### PROMPT
Report the number of lines in the data below where the string "else" shows up, and only that number.

### SUPPLIED RECORDS
lemma nat_mult_transition:
  assumes "is_nat V M W N \<phi>" "a \<le> b" "M a b \<in> carrier_mat (V b) (V a)"
    "N a b \<in> carrier_mat (W b) (W a)" "v \<in> carrier_vec (V a)"
  shows "\<phi> b *\<^sub>v (M a b *\<^sub>v v) = N a b *\<^sub>v (\<phi> a *\<^sub>v v)"
proof -
  have "\<phi> b \<in> carrier_mat (W b) (V b)" "\<phi> a \<in> carrier_mat (W a) (V a)"
    "N a b * \<phi> a = \<phi> b * M a b"
    using assms(1,2) by (auto simp: is_nat_def)
  with assms(3-5) show ?thesis by (metis assoc_mult_mat_vec)
qed

lemma mult_mat_vec_add_smult:
  fixes A :: "'k::field mat"
  assumes "A \<in> carrier_mat n k" "v \<in> carrier_vec k" "w \<in> carrier_vec k"
  shows "A *\<^sub>v (v + t \<cdot>\<^sub>v w) = A *\<^sub>v v + t \<cdot>\<^sub>v (A *\<^sub>v w)"
  using assms by (simp add: mult_add_distrib_mat_vec[OF assms(1)] mult_mat_vec[OF assms(1,3)])

lemma nat_carrier: "is_nat V M W N \<phi> \<Longrightarrow> \<phi> a \<in> carrier_mat (W a) (V a)"
  by (simp add: is_nat_def)

lemma kern_iff: "A \<in> carrier_mat n k \<Longrightarrow> x \<in> kern A \<longleftrightarrow> x \<in> carrier_vec k \<and> A *\<^sub>v x = 0\<^sub>v n"
  by (auto simp: kern_def)

definition basis_index :: "('j::order \<Rightarrow> nat) \<Rightarrow> 'j \<Rightarrow> ('j \<times> nat) set" where
  "basis_index m b = {(a, i). a \<le> b \<and> i < m a}"

definition basis_vec ::
    "('j \<Rightarrow> 'j \<Rightarrow> 'k::semiring_0 mat) \<Rightarrow> ('j \<Rightarrow> nat \<Rightarrow> 'k vec) \<Rightarrow> 'j \<Rightarrow> 'j \<times> nat \<Rightarrow> 'k vec"
  where "basis_vec M g b = (\<lambda>(a, i). M a b *\<^sub>v g a i)"

locale free_rep =
  fixes V :: "'j::order \<Rightarrow> nat" and M :: "'j \<Rightarrow> 'j \<Rightarrow> 'k::field mat"
    and m :: "'j \<Rightarrow> nat" and g :: "'j \<Rightarrow> nat \<Rightarrow> 'k vec"
  assumes free: "is_free_rep V M m g"
begin

lemma rep: "is_rep V M"
  using free by (simp add: is_free_rep_def)

lemmas transition_carrier = rep_transition_carrier[OF rep]
  and transition_id = rep_transition_id[OF rep]
  and transition_comp = rep_transition_comp[OF rep]

lemma gen_carrier: "i < m a \<Longrightarrow> g a i \<in> carrier_vec (V a)"
  using free by (simp add: is_free_rep_def)

lemma basis: "is_basis_family (V b) (basis_index m b) (basis_vec M g b)"
  using free by (simp add: is_free_rep_def basis_index_def basis_vec_def)

lemma finite_basis_index: "finite (basis_index m b)"
  using basis by (simp add: is_basis_family_def)

lemma basis_vec_carrier: "s \<in> basis_index m b \<Longrightarrow> basis_vec M g b s \<in> carrier_vec (V b)"
  using basis by (simp add: is_basis_family_def)

lemma basis_indep:
  "lincomb (V b) c (basis_vec M g b) (basis_index m b) = 0\<^sub>v (V b) \<Longrightarrow> s \<in> basis_index m b \<Longrightarrow> c s = 0"
  using basis by (simp add: is_basis_family_def)

lemma basis_span:
  "x \<in> carrier_vec (V b) \<Longrightarrow> \<exists>c. lincomb (V b) c (basis_vec M g b) (basis_index m b) = x"
  using basis by (simp add: is_basis_family_def)

lemma transition_lincomb:
  assumes "x \<le> y" "S \<subseteq> basis_index m x"
  shows "M x y *\<^sub>v lincomb (V x) c (basis_vec M g x) S = lincomb (V y) c (basis_vec M g y) S"
proof -
  have "finite S"
    using assms(2) finite_basis_index finite_subset by blast
  then have "M x y *\<^sub>v lincomb (V x) c (basis_vec M g x) S
      = lincomb (V y) c (\<lambda>s. M x y *\<^sub>v basis_vec M g x s) S"
    using assms basis_vec_carrier by (intro mult_mat_vec_lincomb transition_carrier) auto
  also have "\<dots> = lincomb (V y) c (basis_vec M g y) S"
  proof (rule lincomb_cong)
    fix s assume "s \<in> S"
    then obtain a i where s: "s = (a, i)" "a \<le> x" "i < m a"
      using assms(2) by (auto simp: basis_index_def)
    then have "M x y *\<^sub>v (M a x *\<^sub>v g a i) = (M x y * M a x) *\<^sub>v g a i"
      using assms(1) transition_carrier gen_carrier by (metis assoc_mult_mat_vec)
    then show "M x y *\<^sub>v basis_vec M g x s = basis_vec M g y s"
      using s assms(1) by (simp add: basis_vec_def transition_comp)
  qed simp
  finally show ?thesis .
qed

lemma transition_lincomb_basis:
  assumes "x \<le> y"
  shows "M x y *\<^sub>v lincomb (V x) c (basis_vec M g x) (basis_index m x)
    = lincomb (V y) (\<lambda>s. if s \<in> basis_index m x then c s else 0) (basis_vec M g y) (basis_index m y)"
proof -
  have "basis_index m x \<subseteq> basis_index m y"
    using assms by (auto simp: basis_index_def)
  then show ?thesis
    using assms by (simp add: transition_lincomb lincomb_extend finite_basis_index)
qed

lemma filtration: "is_filtration V M"
  unfolding is_filtration_def
proof (intro conjI rep allI impI ballI)
  fix a b v assume ab: "a \<le> b" and "v \<in> carrier_vec (V a)" and v0: "M a b *\<^sub>v v = 0\<^sub>v (V b)"
  then obtain c where c: "lincomb (V a) c (basis_vec M g a) (basis_index m a) = v"
    using basis_span by blast
  have "c s = 0" if s: "s \<in> basis_index m a" for s
  proof -
    have "s \<in> basis_index m b"
      using s ab by (auto simp: basis_index_def)
    moreover have "lincomb (V b) (\<lambda>s. if s \<in> basis_index m a then c s else 0)
        (basis_vec M g b) (basis_index m b) = 0\<^sub>v (V b)"
      using v0 c transition_lincomb_basis[OF ab, of c] by simp
    ultimately show ?thesis
      using basis_indep s by fastforce
  qed
  then show "v = 0\<^sub>v (V a)"
    using c lincomb_cong[of _ c "\<lambda>_. 0"] by (simp add: lincomb_zero_coeffs)
qed

lemma zero_if_no_gens_below:
  fixes v :: "'k vec"
  assumes "\<forall>a\<in>supp m. \<not> a \<le> b" "v \<in> carrier_vec (V b)"
  shows "v = 0\<^sub>v (V b)"
proof -
  have "basis_index m b = {}"
    using assms(1) by (auto simp: basis_index_def supp_def)
  then show ?thesis
    using basis_span[OF assms(2)] by (auto simp: lincomb_empty)
qed

lemma transition_surj:
  assumes "c \<le> b" "\<forall>a\<in>supp m. a \<le> b \<longrightarrow> a \<le> c" "v \<in> carrier_vec (V b)"
  obtains y where "y \<in> carrier_vec (V c)" "v = M c b *\<^sub>v y"
proof -
  obtain k where k: "lincomb (V b) k (basis_vec M g b) (basis_index m b) = v"
    using basis_span assms(3) by blast
  have "basis_index m b \<subseteq> basis_index m c"
    using assms(2) by (auto simp: basis_index_def supp_def)
  then have "v = M c b *\<^sub>v lincomb (V c) k (basis_vec M g c) (basis_index m b)"
    using transition_lincomb[OF assms(1)] k by simp
  then show ?thesis
    using that[OF lincomb_carrier] by blast
qed

definition span_omitting :: "'j \<Rightarrow> 'j \<Rightarrow> 'k vec set" where
  "span_omitting b x = {lincomb (V x) c (basis_vec M g x) (basis_index m x) | c. c (b, 0) = 0}"

lemma span_omittingI:
  "c (b, 0) = 0 \<Longrightarrow> lincomb (V x) c (basis_vec M g x) (basis_index m x) \<in> span_omitting b x"
  unfolding span_omitting_def by blast

lemma span_omittingE:
  assumes "w \<in> span_omitting b x"
  obtains c where "c (b, 0) = 0" "w = lincomb (V x) c (basis_vec M g x) (basis_index m x)"
  using assms unfolding span_omitting_def by blast

lemma span_omitting_carrier: "span_omitting b x \<subseteq> carrier_vec (V x)"
  by (auto elim: span_omittingE)

lemma span_omitting_add: "v \<in> span_omitting b x \<Longrightarrow> w \<in> span_omitting b x \<Longrightarrow> v + w \<in> span_omitting b x"
  using span_omittingI[of "\<lambda>s. _ s + _ s"] by (auto simp: lincomb_add elim!: span_omittingE)

lemma span_omitting_smult: "w \<in> span_omitting b x \<Longrightarrow> t \<cdot>\<^sub>v w \<in> span_omitting b x"
  using span_omittingI[of "\<lambda>s. t * _ s"] by (auto simp: smult_lincomb elim!: span_omittingE)

lemma span_omitting_transition:
  "x \<le> y \<Longrightarrow> w \<in> span_omitting b x \<Longrightarrow> M x y *\<^sub>v w \<in> span_omitting b y"
  using span_omittingI[of "\<lambda>s. if s \<in> basis_index m x then _ s else 0"]
  by (auto simp: transition_lincomb_basis elim!: span_omittingE)

lemma zero_in_span_omitting: "0\<^sub>v (V x) \<in> span_omitting b x"
  using span_omittingI[of "\<lambda>_. 0"] by (simp add: lincomb_zero_coeffs)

### RESULT BELOW
3